APM

>Agent Skill

@qwibitai/add-voice-transcription

skilldevelopment

Add voice message transcription to NanoClaw using OpenAI's Whisper API. Automatically transcribes WhatsApp voice notes so the agent can read and respond to them.

apm::install
$apm install @qwibitai/add-voice-transcription
apm::skill.md
---
name: add-voice-transcription
description: Add voice message transcription to NanoClaw using OpenAI's Whisper API. Automatically transcribes WhatsApp voice notes so the agent can read and respond to them.
---

# Add Voice Transcription

This skill adds automatic voice message transcription to NanoClaw's WhatsApp channel using OpenAI's Whisper API. When a voice note arrives, it is downloaded, transcribed, and delivered to the agent as `[Voice: <transcript>]`.

## Phase 1: Pre-flight

### Check if already applied

Check if `src/transcription.ts` exists. If it does, skip to Phase 3 (Configure). The code changes are already in place.

### Ask the user

Use `AskUserQuestion` to collect information:

AskUserQuestion: Do you have an OpenAI API key for Whisper transcription?

If yes, collect it now. If no, direct them to create one at https://platform.openai.com/api-keys.

## Phase 2: Apply Code Changes

**Prerequisite:** WhatsApp must be installed first (`skill/whatsapp` merged). This skill modifies WhatsApp channel files.

### Ensure WhatsApp fork remote

```bash
git remote -v
```

If `whatsapp` is missing, add it:

```bash
git remote add whatsapp https://github.com/qwibitai/nanoclaw-whatsapp.git
```

### Merge the skill branch

```bash
git fetch whatsapp skill/voice-transcription
git merge whatsapp/skill/voice-transcription || {
  git checkout --theirs package-lock.json
  git add package-lock.json
  git merge --continue
}
```

This merges in:
- `src/transcription.ts` (voice transcription module using OpenAI Whisper)
- Voice handling in `src/channels/whatsapp.ts` (isVoiceMessage check, transcribeAudioMessage call)
- Transcription tests in `src/channels/whatsapp.test.ts`
- `openai` npm dependency in `package.json`
- `OPENAI_API_KEY` in `.env.example`

If the merge reports conflicts, resolve them by reading the conflicted files and understanding the intent of both sides.

### Validate code changes

```bash
npm install --legacy-peer-deps
npm run build
npx vitest run src/channels/whatsapp.test.ts
```

All tests must pass and build must be clean before proceeding.

## Phase 3: Configure

### Get OpenAI API key (if needed)

If the user doesn't have an API key:

> I need you to create an OpenAI API key:
>
> 1. Go to https://platform.openai.com/api-keys
> 2. Click "Create new secret key"
> 3. Give it a name (e.g., "NanoClaw Transcription")
> 4. Copy the key (starts with `sk-`)
>
> Cost: ~$0.006 per minute of audio (~$0.003 per typical 30-second voice note)

Wait for the user to provide the key.

### Add to environment

Add to `.env`:

```bash
OPENAI_API_KEY=<their-key>
```

Sync to container environment:

```bash
mkdir -p data/env && cp .env data/env/env
```

The container reads environment from `data/env/env`, not `.env` directly.

### Build and restart

```bash
npm run build
launchctl kickstart -k gui/$(id -u)/com.nanoclaw  # macOS
# Linux: systemctl --user restart nanoclaw
```

## Phase 4: Verify

### Test with a voice note

Tell the user:

> Send a voice note in any registered WhatsApp chat.

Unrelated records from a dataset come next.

text \<open>Pad a reduced word on the left with copies of its first letter.\<close>
lemma proj_fball_subset:
  assumes "X \<noteq> {}"
  shows "proj G ` fball X m \<subseteq> (\<lambda>(c, g). inv c \<otimes> g) `
    ((\<Union>a\<in>letters X. range (\<lambda>s::nat. letter_val G a [^] s)) \<times> proj G ` fsphere X m)"
proof
  fix g assume "g \<in> proj G ` fball X m"
  then obtain w where w: "w \<in> free_words X" "length w \<le> m" "g = proj G w"
    by (auto simp: fball_def)
  obtain a where a: "a \<in> letters X" "w = [] \<or> hd w = a"
  proof (cases w)
    case Nil
    then show ?thesis
      using that assms by (auto simp: letters_def)
  next
    case (Cons b v)
    then show ?thesis
      using w(1) by (intro that[of b]) (auto simp: free_words_iff)
  qed
  define v where "v = replicate (m - length w) a @ w"
  have wl: "reduced w" "set w \<subseteq> letters X"
    using w(1) by (auto simp: free_words_iff)
  then have "v \<in> fsphere X m"
    using a w(2) reduced_replicate_append[OF wl(1) a(2)] by (auto simp: v_def fsphere_def free_words_iff)
  moreover have "proj G v = letter_val G a [^] (m - length w) \<otimes> g"
    using a(1) wl(2) w(3) by (simp add: v_def proj_replicate_append)
  then have "g = inv (letter_val G a [^] (m - length w)) \<otimes> proj G v"
    using a(1) wl(2) w(3) by (simp add: inv_solve_left)
  ultimately show "g \<in> (\<lambda>(c, g). inv c \<otimes> g) `
      ((\<Union>a\<in>letters X. range (\<lambda>s::nat. letter_val G a [^] s)) \<times> proj G ` fsphere X m)"
    using a(1) by force
qed

lemma finite_image_if_torsion:
  assumes "X \<noteq> {}"
    and torsion: "\<And>x. x \<in> X \<Longrightarrow> \<exists>p>0. x [^] (p::nat) = \<one>"
    and bounded: "\<And>m. card (proj G ` fsphere X m) \<le> M"
  shows "finite (proj G ` free_words X)"
proof -
  define P where "P = (\<Union>a\<in>letters X. range (\<lambda>s::nat. letter_val G a [^] s))"
  have "finite (range (\<lambda>s::nat. letter_val G a [^] s))" if "a \<in> letters X" for a
  proof -
    have "snd a \<in> X"
      using that by (auto simp: letters_def)
    then obtain p :: nat where p: "0 < p" "snd a [^] p = \<one>"
      using torsion by blast
    then have "letter_val G a [^] p = \<one>"
      using that gens_closed by (auto simp: letter_val_def letters_def nat_pow_inv)
    then show ?thesis
      using p(1) that by (intro finite_range_pow_if_torsion) auto
  qed
  then have "finite P"
    unfolding P_def using finite_letters[OF finite_gens] by blast
  have "finite (\<Union>m. proj G ` fball X m)"
  proof (rule finite_UN_incseq_card_bounded)
    show "incseq (\<lambda>m. proj G ` fball X m)"
      by (auto simp: incseq_def fball_def)
    show "finite (proj G ` fball X m)" for m
      by (simp add: finite_fball finite_gens)
    show "card (proj G ` fball X m) \<le> card P * M" for m
    proof -
      have "card (proj G ` fball X m) \<le> card ((\<lambda>(c, g). inv c \<otimes> g) ` (P \<times> proj G ` fsphere X m))"
        using \<open>finite P\<close> finite_fsphere[OF finite_gens]
        by (intro card_mono[OF _ proj_fball_subset[OF assms(1), folded P_def]]) auto
      also have "\<dots> \<le> card (P \<times> proj G ` fsphere X m)"
        by (rule card_image_le) (simp add: \<open>finite P\<close> finite_fsphere finite_gens)
      also have "\<dots> \<le> card P * M"
        using bounded by (simp add: card_cartesian_product)
      finally show ?thesis .
    qed
  qed
  moreover have "proj G ` free_words X = (\<Union>m. proj G ` fball X m)"
    by (auto simp: fball_def)
  ultimately show ?thesis
    by simp
qed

The agent should receive it as `[Voice: <transcript>]` and respond to its content.

### Check logs if needed

```bash
tail -f logs/nanoclaw.log | grep -i voice
```

Look for:
- `Transcribed voice message` — successful transcription with character count
- `OPENAI_API_KEY not set` — key missing from `.env`
- `OpenAI transcription failed` — API error (check key validity, billing)
- `Failed to download audio message` — media download issue

## Troubleshooting

### Voice notes show "[Voice Message - transcription unavailable]"

1. Check `OPENAI_API_KEY` is set in `.env` AND synced to `data/env/env`
2. Verify key works: `curl -s https://api.openai.com/v1/models -H "Authorization: Bearer $OPENAI_API_KEY" | head -c 200`
3. Check OpenAI billing — Whisper requires a funded account

### Voice notes show "[Voice Message - transcription failed]"

Check logs for the specific error. Common causes:
- Network timeout — transient, will work on next message
- Invalid API key — regenerate at https://platform.openai.com/api-keys
- Rate limiting — wait and retry

### Agent doesn't respond to voice notes

Verify the chat is registered and the agent is running. Voice transcription only runs for registered groups.